Il Tractus Ad te levavi óculos meos insiste sul movimento degli occhi che si levano per cercare Dio. La composizione sviluppa i primi tre versetti del Salmo 122, dove la parola “occhi” ritorna per ben quattro volte e che presenta gli occhi del servo e della serva che guardano alla mano dei loro padroni in attesa dei loro ordini; così nell’amarezza dell’esilio e della prigionia, Giuseppe attende con pazienza e umiltà che da Dio venga qualche cenno al suo servo, che possa cambiare la sua condizione. Questa attesa piena di speranza, ma non meno carica di sofferenza, è quella del cristiano, che per l’opera della Redenzione non è più servo, ma amico. La sua nuova condizione lo riempie di una fiducia ancora più grande, che tuttavia dev’essere sempre temperata dall’umiltà di chi sa di non poter pretendere nulla da Dio. Ma è anche, come dicevamo, quella di Cristo stesso che si è fatto servo per liberare noi dalla schiavitù del Maligno. Si noti come nel primo verso del Tractus lo stile ornato insista sulla parola in cælis, come a voler trattenere il più possibile lo sguardo dell’orante nella dimora di Dio, i cieli appunto.

La dimora di Dio ritorna anche nel Communio: «Passer invénit sibi dómum et túrtur nidum, ubi repónat púllos suos […]. Beáti qui hábitant in domo tua, in sæculum sæculi laudábunt te – Il passero trova la sua casa e la tortora il nido dove riporre i suoi piccoli […] Beati quanti abitano nella tua casa, ti loderanno nei secoli dei secoli». Questa antifona indirizza la speranza dello sguardo: non si tratta di essere “solamente” liberati, come un uccello, dal laccio del cacciatore, ma di poter eternamente dimorare in Dio, come il passero e la tortora con i suoi piccoli. Ora il riferimento al laccio del cacciatore ci riporta alla prima domenica di Quaresima, quando – lo si è visto – tutto il Proprio è intessuto sul Salmo 90, che contiene proprio l’espressione ipse liberábit me de laqueo venántium: là l’orante veniva liberato dal laccio, proprio perché abitava «al riparo dell’Altissimo» e «all’ombra dell’onnipotente»; in questa domenica ci viene presentato l’uccello ormai libero che trova la sua dimora definitiva nella casa del Signore.

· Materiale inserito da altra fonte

(* Let $U\in\mathbb{R}^{n\times d}$, let $\mathbf{x}_*\in\mathbb{R}^d$ be an $s$-sparse signal, and let $\mathbf{y}=U\mathbf{x}_*$ (noiseless measurements). Assume $U$ satisfies \[ \gamma := \delta_s + \sqrt{2}\,\theta_{s,s} + \delta_{3s} < 1 . \] Let $\Delta_1,\Delta_2,\ldots$ be a sequence with $\|\mathbf{x}_1-\mathbf{x}_*\|_2\le \Delta_1$ and $\Delta_{t+1} = (\delta_s+\sqrt{2}\theta_{s,s}+\delta_{3s})\Delta_t$. If Algorithm 1 is run with $\lambda_t = \frac{\delta_s+\sqrt{2}\theta_{s,s}}{\sqrt{s}}\Delta_t$, then for all $t\ge 0$: (i) $|\mathcal{S}_{t+1}\setminus \mathcal{S}_*|\le s$, and (ii) $\|\mathbf{x}_{t+1}-\mathbf{x}_*\|_2\le \gamma^t\Delta_1$.
   Context: For $\mathbf{x}\in\mathbb{R}^d$, $\mathcal{S}(\mathbf{x})=\{i:[\mathbf{x}]_i\neq 0\}$ is its support; $\mathbf{x}$ is $s$-sparse if $|\mathcal{S}(\mathbf{x})|\le s$. For $\mathcal T\subseteq\{1,\dots,d\}$, $U_{\mathcal T}$ is the submatrix of $U$ with columns indexed by $\mathcal T$. The restricted isometry constant $\delta_s\ge0$ is the smallest constant such that for every $\mathcal T$ with $|\mathcal T|\le s$ and every $\mathbf{v}\in\mathbb{R}^{|\mathcal T|}$, $(1-\delta_s)\|\mathbf{v}\|_2^2\le\|U_{\mathcal T}\mathbf{v}\|_2^2\le(1+\delta_s)\|\mathbf{v}\|_2^2$. The restricted orthogonality constant $\theta_{s,s}$ (with $2s\le d$) is the smallest constant such that for all disjoint $\mathcal T,\mathcal T'$ with $|\mathcal T|,|\mathcal T'|\le s$ and all $\mathbf{v}\in\mathbb{R}^{|\mathcal T|},\mathbf{v}'\in\mathbb{R}^{|\mathcal T'|}$, $|\langle U_{\mathcal T}\mathbf{v},U_{\mathcal T'}\mathbf{v}'\rangle|\le\theta_{s,s}\|\mathbf{v}\|_2\|\mathbf{v}'\|_2$. Algorithm 1 (homotopy proximal mapping): given $U$, $\mathbf{y}$ and parameters $\lambda_1,\lambda_2,\ldots>0$, set $\mathbf{x}_1=0$ and for $t=1,2,\ldots$ compute $\widehat{\mathbf{x}}_t=\mathbf{x}_t-U^\top(U\mathbf{x}_t-\mathbf{y})$ and $\mathbf{x}_{t+1}=\mathrm{sign}(\widehat{\mathbf{x}}_t)[|\widehat{\mathbf{x}}_t|-\lambda_t]_+$ (componentwise soft-thresholding; equivalently $\mathbf{x}_{t+1}=\arg\min_{\mathbf{x}}\frac12\|\mathbf{x}-\widehat{\mathbf{x}}_t\|_2^2+\lambda_t\|\mathbf{x}\|_1$). $\mathcal{S}_t=\mathcal{S}(\mathbf{x}_t)$ and $\mathcal{S}_*=\mathcal{S}(\mathbf{x}_* )$. *)

theory Defs
  imports "HOL-Analysis.Analysis"
begin

definition supp :: "real ^ 'd \<Rightarrow> 'd set" where
  "supp x = {i. x $ i \<noteq> 0}"

text \<open>A vector v in R^|T| embedded as a vector of R^d supported in T; then U_T v = U *v x
  and the norms agree.\<close>

definition ric :: "real ^ 'd ^ 'n \<Rightarrow> nat \<Rightarrow> real" where
  "ric U s = Inf {c. c \<ge> 0 \<and> (\<forall>x :: real ^ 'd. card (supp x) \<le> s \<longrightarrow>
       (1 - c) * (norm x)\<^sup>2 \<le> (norm (U *v x))\<^sup>2 \<and> (norm (U *v x))\<^sup>2 \<le> (1 + c) * (norm x)\<^sup>2)}"

definition roc :: "real ^ 'd ^ 'n \<Rightarrow> nat \<Rightarrow> real" where
  "roc U s = Inf {c. c \<ge> 0 \<and> (\<forall>x x' :: real ^ 'd. card (supp x) \<le> s \<longrightarrow> card (supp x') \<le> s
       \<longrightarrow> supp x \<inter> supp x' = {} \<longrightarrow>
       \<bar>(U *v x) \<bullet> (U *v x')\<bar> \<le> c * norm x * norm x')}"

definition soft :: "real ^ 'd \<Rightarrow> real \<Rightarrow> real ^ 'd" where
  "soft z l = (\<chi> i. sgn (z $ i) * max (\<bar>z $ i\<bar> - l) 0)"

end

theory Submission
  imports Defs
begin

(*
  Write e = x_t - x_* and z = e - U^T U e, so that the gradient step is x_* + z.

  (i) Soft thresholding keeps a coordinate i outside S_* only if |z_i| > lambda_t.
  If there were more than s of them, restricting z to s of them would give a vector v
  off S_* with |v|^2 = <v, z> = <v, e> - <U v, U e>.  Splitting e into its parts on
  supp v, on S_* and on the rest, which lies in S_t - S_*, bounds this by
  (delta_s + sqrt 2 theta_{s,s}) |v| |e| <= sqrt s lambda_t |v|, contradicting
  |v|^2 > s lambda_t^2.

  (ii) The optimality condition of the proximal map gives, for h = x_{t+1} - x_*,
  |h|^2 <= <z, h> + lambda_t (|x_*|_1 - |x_{t+1}|_1).  As e and h live on at most 3s
  coordinates, <z, h> <= delta_{3s} |e| |h|, and the l1 term is at most
  sqrt s |h| because x_* is s-sparse.  Hence |h| <= gamma Delta_t, and the theorem
  follows by induction on t.
*)

lemma supp_eq_empty_iff: "supp x = {} \<longleftrightarrow> x = 0"
  by (auto simp: supp_def vec_eq_iff)

lemma supp_add_subset: "supp (a + b) \<subseteq> supp a \<union> supp b"
  by (auto simp: supp_def)

lemma supp_diff_subset: "supp (a - b) \<subseteq> supp a \<union> supp b"
  by (auto simp: supp_def)

lemma supp_scaleR_subset: "supp (c *\<^sub>R a) \<subseteq> supp a"
  by (auto simp: supp_def)

lemma inner_transpose_matrix: "x \<bullet> (transpose U *v w) = (U *v x) \<bullet> (w :: real ^ 'n)"
  by (metis dot_lmul_matrix inner_commute transpose_transpose vector_transpose_matrix)

lemma cInf_admissible_constant:
  fixes a b :: "'a \<Rightarrow> real" and P :: "'a \<Rightarrow> bool"
  defines "F \<equiv> {c. c \<ge> 0 \<and> (\<forall>j. P j \<longrightarrow> a j \<le> c * b j)}"
  assumes b_nonneg: "\<And>j. P j \<Longrightarrow> b j \<ge> 0" and c0: "c0 \<in> F"
  shows "Inf F \<ge> 0" and "P j \<Longrightarrow> a j \<le> Inf F * b j"
proof -
  have F: "F \<noteq> {}" using c0 by blast
  show "Inf F \<ge> 0" by (rule cInf_greatest[OF F]) (simp add: F_def)
  assume j: "P j"
  show "a j \<le> Inf F * b j"
  proof (cases "b j = 0")
    case True
    have "a j \<le> c0 * b j" using c0 j unfolding F_def by blast
    with True show ?thesis by simp
  next
    case False
    then have b: "b j > 0" using b_nonneg[OF j] by simp
    have "a j / b j \<le> Inf F"
      by (rule cInf_greatest[OF F]) (use j b in \<open>auto simp: F_def pos_divide_le_eq\<close>)
    then show ?thesis using b by (simp add: pos_divide_le_eq)
  qed
qed

lemma ric_eq_Inf_abs:
  "ric U k = Inf {c. c \<ge> 0 \<and> (\<forall>x. card (supp x) \<le> k \<longrightarrow>
     \<bar>(norm (U *v x))\<^sup>2 - (norm x)\<^sup>2\<bar> \<le> c * (norm x)\<^sup>2)}"
  unfolding ric_def by (rule arg_cong[where f = Inf]) (auto simp: abs_le_iff algebra_simps)

lemma matrix_vector_mult_norm_bound:
  fixes U :: "real ^ 'd ^ 'n"
  obtains K where "\<And>x. norm (U *v x) \<le> norm x * K"
  using bounded_linear.bounded[OF matrix_vector_mul_bounded_linear] by metis

lemma
  fixes U :: "real ^ 'd ^ 'n"
  shows ric_nonneg: "ric U k \<ge> 0"
    and ric_bound: "card (supp x) \<le> k \<Longrightarrow>
      \<bar>(norm (U *v x))\<^sup>2 - (norm x)\<^sup>2\<bar> \<le> ric U k * (norm x)\<^sup>2"
proof -
  obtain K where K: "\<And>x. norm (U *v x) \<le> norm x * K"
    using matrix_vector_mult_norm_bound[of U] by blast
  have "\<bar>(norm (U *v x))\<^sup>2 - (norm x)\<^sup>2\<bar> \<le> (K\<^sup>2 + 1) * (norm x)\<^sup>2" for x
  proof -
    have "(norm (U *v x))\<^sup>2 \<le> K\<^sup>2 * (norm x)\<^sup>2"
      using power_mono[OF K[of x] norm_ge_zero, of 2] by (simp add: power_mult_distrib mult.commute)
    moreover have "0 \<le> K\<^sup>2 * (norm x)\<^sup>2" by simp
    ultimately show ?thesis
      unfolding distrib_right abs_le_iff
      using zero_le_power2[of "norm (U *v x)"] zero_le_power2[of "norm x"] by linarith
  qed
  then have adm: "K\<^sup>2 + 1 \<in> {c. c \<ge> 0 \<and> (\<forall>x. card (supp x) \<le> k \<longrightarrow>
      \<bar>(norm (U *v x))\<^sup>2 - (norm x)\<^sup>2\<bar> \<le> c * (norm x)\<^sup>2)}"
    by simp
  show "ric U k \<ge> 0"
    unfolding ric_eq_Inf_abs by (rule cInf_admissible_constant(1)[OF _ adm]) simp
  show "\<bar>(norm (U *v x))\<^sup>2 - (norm x)\<^sup>2\<bar> \<le> ric U k * (norm x)\<^sup>2" if "card (supp x) \<le> k"
    unfolding ric_eq_Inf_abs by (rule cInf_admissible_constant(2)[OF _ adm]) (use that in simp_all)
qed

lemma roc_eq_Inf_pairs:
  "roc U k = Inf {c. c \<ge> 0 \<and> (\<forall>p. card (supp (fst p)) \<le> k \<and> card (supp (snd p)) \<le> k
     \<and> supp (fst p) \<inter> supp (snd p) = {} \<longrightarrow>
     \<bar>(U *v fst p) \<bullet> (U *v snd p)\<bar> \<le> c * (norm (fst p) * norm (snd p)))}"
  unfolding roc_def by (rule arg_cong[where f = Inf]) (auto simp: mult.assoc)

lemma
  fixes U :: "real ^ 'd ^ 'n"
  shows roc_nonneg: "roc U k \<ge> 0"
    and roc_bound: "card (supp x) \<le> k \<Longrightarrow> card (supp x') \<le> k \<Longrightarrow> supp x \<inter> supp x' = {} \<Longrightarrow>
      \<bar>(U *v x) \<bullet> (U *v x')\<bar> \<le> roc U k * norm x * norm x'"
proof -
  obtain K where K: "\<And>x. norm (U *v x) \<le> norm x * K"
    using matrix_vector_mult_norm_bound[of U] by blast
  have "\<bar>(U *v x) \<bullet> (U *v x')\<bar> \<le> K\<^sup>2 * (norm x * norm x')" for x x'
  proof -
    have "\<bar>(U *v x) \<bullet> (U *v x')\<bar> \<le> norm (U *v x) * norm (U *v x')"
      by (rule Cauchy_Schwarz_ineq2)
    also have "\<dots> \<le> (norm x * K) * (norm x' * K)"
      using K order_trans[OF norm_ge_zero K] by (intro mult_mono) auto
    finally show ?thesis by (simp add: power2_eq_square mult_ac)
  qed
  then have adm: "K\<^sup>2 \<in> {c. c \<ge> 0 \<and> (\<forall>p. card (supp (fst p)) \<le> k \<and> card (supp (snd p)) \<le> k
     \<and> supp (fst p) \<inter> supp (snd p) = {} \<longrightarrow>
     \<bar>(U *v fst p) \<bullet> (U *v snd p)\<bar> \<le> c * (norm (fst p) * norm (snd p)))}"
    by simp
  show "roc U k \<ge> 0"
    unfolding roc_eq_Inf_pairs by (rule cInf_admissible_constant(1)[OF _ adm]) simp
  show "\<bar>(U *v x) \<bullet> (U *v x')\<bar> \<le> roc U k * norm x * norm x'"
    if "card (supp x) \<le> k" "card (supp x') \<le> k" "supp x \<inter> supp x' = {}"
    using cInf_admissible_constant(2)[OF _ adm, of "(x, x')"] that
    unfolding roc_eq_Inf_pairs by (simp add: mult.assoc)
qed

lemma ric_inner_bound_equal_norms:
  fixes U :: "real ^ 'd ^ 'n"
  assumes norms: "norm a = norm b" and card: "card (supp a \<union> supp b) \<le> k"
  shows "\<bar>a \<bullet> b - (U *v a) \<bullet> (U *v b)\<bar> \<le> ric U k * (norm a)\<^sup>2"
proof -
  have card_le: "card (supp w) \<le> k" if "supp w \<subseteq> supp a \<union> supp b" for w
    using card_mono[OF finite that] card by linarith
  have plus: "\<bar>(norm (U *v a + U *v b))\<^sup>2 - (norm (a + b))\<^sup>2\<bar> \<le> ric U k * (norm (a + b))\<^sup>2"
    using ric_bound[OF card_le[OF supp_add_subset], of U] by (simp add: matrix_vector_right_distrib)
  have minus: "\<bar>(norm (U *v a - U *v b))\<^sup>2 - (norm (a - b))\<^sup>2\<bar> \<le> ric U k * (norm (a - b))\<^sup>2"
    using ric_bound[OF card_le[OF supp_diff_subset], of U] by (simp add: matrix_vector_mult_diff_distrib)
  have polar: "4 * (x \<bullet> y) = (norm (x + y))\<^sup>2 - (norm (x - y))\<^sup>2" for x y :: "'a::real_inner"
    using dot_norm[of x y] dot_norm_neg[of x y] by (simp add: field_simps)
  have parallelogram: "(norm (a + b))\<^sup>2 + (norm (a - b))\<^sup>2 = 4 * (norm a)\<^sup>2"
    using dot_norm[of a b] dot_norm_neg[of a b] norms by (simp add: field_simps)
  have "4 * (a \<bullet> b - (U *v a) \<bullet> (U *v b))
      = ((norm (U *v a - U *v b))\<^sup>2 - (norm (a - b))\<^sup>2) - ((norm (U *v a + U *v b))\<^sup>2 - (norm (a + b))\<^sup>2)"
    using polar[of a b] polar[of "U *v a" "U *v b"] unfolding right_diff_distrib by linarith
  then have "\<bar>4 * (a \<bullet> b - (U *v a) \<bullet> (U *v b))\<bar> \<le> ric U k * (norm (a + b))\<^sup>2 + ric U k * (norm (a - b))\<^sup>2"
    using plus minus unfolding abs_le_iff by linarith
  then show ?thesis unfolding distrib_left[symmetric] parallelogram by (simp add: abs_mult)
qed

lemma ric_inner_bound:
  fixes U :: "real ^ 'd ^ 'n"
  assumes "card (supp u \<union> supp v) \<le> k"
  shows "\<bar>u \<bullet> v - (U *v u) \<bullet> (U *v v)\<bar> \<le> ric U k * norm u * norm v"
proof (cases "u = 0 \<or> v = 0")
  case True
  then show ?thesis using ric_nonneg[of U k] by auto
next
  case False
  define m where "m = norm u * norm v"
  have m: "m > 0" using False by (simp add: m_def)
  let ?a = "norm v *\<^sub>R u" and ?b = "norm u *\<^sub>R v"
  have "supp ?a \<union> supp ?b \<subseteq> supp u \<union> supp v"
    using supp_scaleR_subset by blast
  then have "card (supp ?a \<union> supp ?b) \<le> k"
    using card_mono[OF finite] assms le_trans by blast
  then have "\<bar>?a \<bullet> ?b - (U *v ?a) \<bullet> (U *v ?b)\<bar> \<le> ric U k * m\<^sup>2"
    using ric_inner_bound_equal_norms[of ?a ?b k U] by (simp add: m_def mult.commute)
  moreover have "?a \<bullet> ?b - (U *v ?a) \<bullet> (U *v ?b) = m * (u \<bullet> v - (U *v u) \<bullet> (U *v v))"
    by (simp add: m_def algebra_simps)
  ultimately have "m * \<bar>u \<bullet> v - (U *v u) \<bullet> (U *v v)\<bar> \<le> m * (ric U k * m)"
    using m by (simp add: abs_mult power2_eq_square mult_ac)
  then have "\<bar>u \<bullet> v - (U *v u) \<bullet> (U *v v)\<bar> \<le> ric U k * m"
    using m by (simp only: mult_le_cancel_left_pos)
  then show ?thesis by (simp add: m_def mult.assoc)
qed

lemma norm_vec_sq: "(norm x)\<^sup>2 = (\<Sum>i\<in>UNIV. (x $ i)\<^sup>2)"
  unfolding power2_norm_eq_inner inner_vec_def by (simp add: power2_eq_square)

definition vec_restrict :: "'d set \<Rightarrow> real ^ 'd \<Rightarrow> real ^ 'd" where
  "vec_restrict A x = (\<chi> i. if i \<in> A then x $ i else 0)"

lemma supp_vec_restrict: "supp (vec_restrict A x) = A \<inter> supp x"
  by (auto simp: supp_def vec_restrict_def)

lemma inner_vec_restrict: "vec_restrict A x \<bullet> y = (\<Sum>i\<in>A. x $ i * y $ i)"
proof -
  have "vec_restrict A x \<bullet> y = (\<Sum>i\<in>UNIV. if i \<in> A then x $ i * y $ i else 0)"
    unfolding inner_vec_def vec_restrict_def by (rule sum.cong) auto
  then show ?thesis by (simp add: sum.If_cases)
qed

Interessante anche l’indugiare della melodia sulla parola domum, dove il ritmo rallenta con l’espediente di due pes (o podatus) quadrati consecutivi, ossia due note ascendenti sulla stessa sillaba; le sillabe della parola successiva, et tur-tur, sono invece caratterizzate da tre epiphoni (podatus liquescente), che hanno una specificità nell’esecuzione: il suono resta, per così dire, in parte “in bocca”, ossia non si esprime pienamente; il che rende molto bene il tubare della tortora, un verso che tra l’altro assomiglia alle vocali “u”, che ricorrono nel termine latino turtur. Ancora, questi tre epiphoni si giocano rispettivamente sulle note re-mi, do-re, re-mi, dando un effetto musicale che ben rievoca il battito d’ali dell’uccello in volo.